Copy every line of the entries that includes the word "where".
** Opening Supplied records block **
definition lower_set :: "nat \<Rightarrow> (int \<times> int) set \<Rightarrow> int \<Rightarrow> int set" where
  "lower_set n R x = {y \<in> Omega n. (y, x) \<in> R}"

lemma finite_lower_set: "finite (lower_set n R x)"
  unfolding lower_set_def using finite_Omega by simp

lemma card_lower_set_less:
  assumes T: "is_face n T" and anti: "\<And>x y. (x, y) \<in> T \<Longrightarrow> (y, x) \<in> T \<Longrightarrow> x = y"
    and x: "x \<in> Omega n" and y: "y \<in> Omega n" and xy: "(x, y) \<in> T" and "x \<noteq> y"
  shows "card (lower_set n T x) < card (lower_set n T y)"
proof (rule psubset_card_mono[OF finite_lower_set])
  have "lower_set n T x \<subseteq> lower_set n T y"
    unfolding lower_set_def using is_face_trans[OF T _ xy] by blast
  moreover have "y \<in> lower_set n T y - lower_set n T x"
    unfolding lower_set_def using y is_face_refl[OF T] anti[OF xy] \<open>x \<noteq> y\<close> by auto
  ultimately show "lower_set n T x \<subset> lower_set n T y" by blast
qed

lemma card_lower_set_chamber:
  assumes w: "w \<in> sperms n" and p: "p \<in> Omega n"
  shows "int (card (lower_set n (chamber n w) (sapply w p))) = p + int n + 1"
proof -
  have "lower_set n (chamber n w) (sapply w p) = sapply w ` {q \<in> Omega n. q \<le> p}"
  proof (intro set_eqI iffI)
    fix y assume "y \<in> lower_set n (chamber n w) (sapply w p)"
    moreover obtain q where "q \<in> Omega n" "sapply w q = y"
      using calculation sapply_surj_Omega[OF w] unfolding lower_set_def by blast
    ultimately show "y \<in> sapply w ` {q \<in> Omega n. q \<le> p}"
      using sapply_in_chamber_iff[OF w _ p] unfolding lower_set_def by auto
  qed (use sapply_in_chamber_iff[OF w _ p] sapply_in_Omega[OF w] in \<open>auto simp: lower_set_def\<close>)
  moreover have "inj_on (sapply w) {q \<in> Omega n. q \<le> p}"
    by (rule inj_on_subset[OF inj_on_sapply[OF w]]) blast
  moreover have "{q \<in> Omega n. q \<le> p} = {- int n..p}" using p unfolding Omega_def by auto
  ultimately show ?thesis using p unfolding Omega_def by (simp add: card_image)
qed

lemma chamber_inj:
  assumes w: "w \<in> sperms n" and v: "v \<in> sperms n" and eq: "chamber n w = chamber n v"
  shows "w = v"
proof -
  let ?T = "chamber n w"
  have same_value: "sapply w p = sapply v p" if p: "p \<in> Omega n" for p
  proof (rule ccontr)
    assume ne: "sapply w p \<noteq> sapply v p"
    have in_Omega: "sapply w p \<in> Omega n" "sapply v p \<in> Omega n"
      using sapply_in_Omega[OF w p] sapply_in_Omega[OF v p] by auto
    have "card (lower_set n ?T (sapply w p)) = card (lower_set n ?T (sapply v p))"
      using card_lower_set_chamber[OF w p] card_lower_set_chamber[OF v p] eq by simp
    moreover have "(sapply w p, sapply v p) \<in> ?T \<or> (sapply v p, sapply w p) \<in> ?T"
      using is_face_total[OF is_face_chamber[OF w] in_Omega] .
    ultimately show False
      using card_lower_set_less[OF is_face_chamber[OF w] chamber_antisym[OF w]] in_Omega ne
      by (metis less_irrefl)
  qed
  have "w ! k = v ! k" if "k < n" for k
    using same_value[of "int (k + 1)"] sapply_of_nat[of "k + 1"] that sperms_length[OF w] sperms_length[OF v]
    unfolding Omega_def by simp
  then show ?thesis using sperms_length[OF w] sperms_length[OF v] by (intro nth_equalityI) auto
qed

lemma odd_Omega_0:
  assumes "\<And>x. x \<in> Omega n \<Longrightarrow> f (- x) = - f x"
  shows "f 0 = (0::int)"
  using assms[of 0] by (simp add: Omega_def)

lemma odd_bij_Omega_values_in_sperms:
  assumes bij: "bij_betw f (Omega n) (Omega n)" and odd: "\<And>x. x \<in> Omega n \<Longrightarrow> f (- x) = - f x"
  shows "map (\<lambda>i. f (int i)) [1..<n+1] \<in> sperms n"
proof -
  have inj: "inj_on f (Omega n)" and into: "\<And>x. x \<in> Omega n \<Longrightarrow> f x \<in> Omega n"
    using bij by (auto simp: bij_betw_def)
  have pos: "int i \<in> Omega n" if "i \<in> {1..n}" for i using that unfolding Omega_def by auto
  define g where "g i = nat \<bar>f (int i)\<bar>" for i
  have "g ` {1..n} \<subseteq> {1..n}"
  proof
    fix z assume "z \<in> g ` {1..n}"
    then obtain i where i: "i \<in> {1..n}" "z = g i" by blast
    have "f (int i) \<noteq> f 0"
      using inj_onD[OF inj, of "int i" 0] pos[OF i(1)] i(1) by (auto simp: Omega_def)
    then show "z \<in> {1..n}"
      using into[OF pos[OF i(1)]] odd_Omega_0[of n f, OF odd] unfolding i(2) g_def Omega_def by auto
  qed
  moreover have "inj_on g {1..n}"
  proof (rule inj_onI)
    fix i j assume i: "i \<in> {1..n}" and j: "j \<in> {1..n}" and "g i = g j"
    then have "f (int i) = f (int j) \<or> f (int i) = f (- int j)"
      using odd[OF pos[OF j]] unfolding g_def by (auto simp: abs_if split: if_splits)
    then have "int i = int j \<or> int i = - int j"
      using inj pos[OF i] pos[OF j] uminus_in_Omega_iff unfolding inj_on_def by blast
    then show "i = j" using i j by auto
  qed
  ultimately have "g ` {1..n} = {1..n}" by (intro endo_inj_surj) simp_all
  moreover define w where "w = map (\<lambda>i. f (int i)) [1..<n+1]"
  then have "set (map (\<lambda>x. nat \<bar>x\<bar>) w) = g ` {1..n}"
    unfolding g_def by (auto simp: atLeastLessThanSuc_atLeastAtMost image_image)
  moreover have "length w = n" unfolding w_def by simp
  ultimately have "w \<in> sperms n" unfolding sperms_def by simp
  then show ?thesis unfolding w_def .
qed

lemma sapply_odd_Omega_values:
  assumes odd: "\<And>x. x \<in> Omega n \<Longrightarrow> f (- x) = - f x" and x: "x \<in> Omega n"
  shows "sapply (map (\<lambda>i. f (int i)) [1..<n+1]) x = f x"
proof -
  let ?w = "map (\<lambda>i. f (int i)) [1..<n+1]"
  have pos: "sapply ?w (int i) = f (int i)" if "i \<in> {1..n}" for i
    using that sapply_of_nat[of i ?w] by (auto simp del: upt_Suc)
  consider "x = 0" | "0 < x" | "x < 0" by linarith
  then show ?thesis
  proof cases
    case 2
    then have "nat x \<in> {1..n}" using x unfolding Omega_def by auto
    with 2 show ?thesis using pos[of "nat x"] by simp
  next
    case 3
    then have "nat (- x) \<in> {1..n}" using x unfolding Omega_def by auto
    with 3 have "sapply ?w (- x) = f (- x)" using pos[of "nat (- x)"] by simp
    then show ?thesis using odd[OF x] sapply_uminus[of ?w x] by simp
  qed (simp add: odd_Omega_0[of n f, OF odd])
qed

lemma bij_odd_Omega_eq_sapply:
  assumes "bij_betw f (Omega n) (Omega n)" and "\<And>x. x \<in> Omega n \<Longrightarrow> f (- x) = - f x"
  obtains w where "w \<in> sperms n" and "\<And>x. x \<in> Omega n \<Longrightarrow> sapply w x = f x"
  using that odd_bij_Omega_values_in_sperms[OF assms] sapply_odd_Omega_values[of n f, OF assms(2)] by blast

definition face_rank :: "nat \<Rightarrow> (int \<times> int) set \<Rightarrow> int \<Rightarrow> int" where
  "face_rank n T x = int (card (lower_set n T x)) - int n - 1"

context
  fixes n T
  assumes T: "is_face n T" and anti: "\<And>x y. (x, y) \<in> T \<Longrightarrow> (y, x) \<in> T \<Longrightarrow> x = y"
begin

lemma face_rank_in_Omega:
  assumes x: "x \<in> Omega n"
  shows "face_rank n T x \<in> Omega n"
proof -
  have "card (lower_set n T x) \<le> 2 * n + 1"
    using card_mono[OF finite_Omega, of "lower_set n T x"] card_Omega unfolding lower_set_def by auto
  moreover have "x \<in> lower_set n T x" unfolding lower_set_def using x is_face_refl[OF T] by auto
  then have "card (lower_set n T x) \<ge> 1" using finite_lower_set by (metis card_0_eq empty_iff less_one not_le)
  ultimately show ?thesis unfolding face_rank_def Omega_def by auto
qed

lemma face_rank_le_iff:
  assumes x: "x \<in> Omega n" and y: "y \<in> Omega n"
  shows "(x, y) \<in> T \<longleftrightarrow> face_rank n T x \<le> face_rank n T y"
proof
  assume "(x, y) \<in> T"
  then show "face_rank n T x \<le> face_rank n T y"
    using card_lower_set_less[OF T anti x y] unfolding face_rank_def by (cases "x = y") auto
next
  assume le: "face_rank n T x \<le> face_rank n T y"
  show "(x, y) \<in> T"
  proof (rule ccontr)
    assume "(x, y) \<notin> T"
    then have "(y, x) \<in> T" and "y \<noteq> x" using is_face_total[OF T x y] is_face_refl[OF T x] by auto
    then show False using card_lower_set_less[OF T anti y x] le unfolding face_rank_def by simp
  qed
qed

lemma inj_on_face_rank: "inj_on (face_rank n T) (Omega n)"
proof (rule inj_onI)
  fix x y assume "x \<in> Omega n" "y \<in> Omega n" "face_rank n T x = face_rank n T y"
  then have "(x, y) \<in> T" and "(y, x) \<in> T" using face_rank_le_iff by auto
  then show "x = y" by (rule anti)
qed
** Closing Supplied records block **
Response box >>
definition lower_set :: "nat \<Rightarrow> (int \<times> int) set \<Rightarrow> int \<Rightarrow> int set" where
    moreover obtain q where "q \<in> Omega n" "sapply w q = y"
  define g where "g i = nat \<bar>f (int i)\<bar>" for i
    then obtain i where i: "i \<in> {1..n}" "z = g i" by blast
  moreover define w where "w = map (\<lambda>i. f (int i)) [1..<n+1]"
  obtains w where "w \<in> sperms n" and "\<And>x. x \<in> Omega n \<Longrightarrow> sapply w x = f x"
definition face_rank :: "nat \<Rightarrow> (int \<times> int) set \<Rightarrow> int \<Rightarrow> int" where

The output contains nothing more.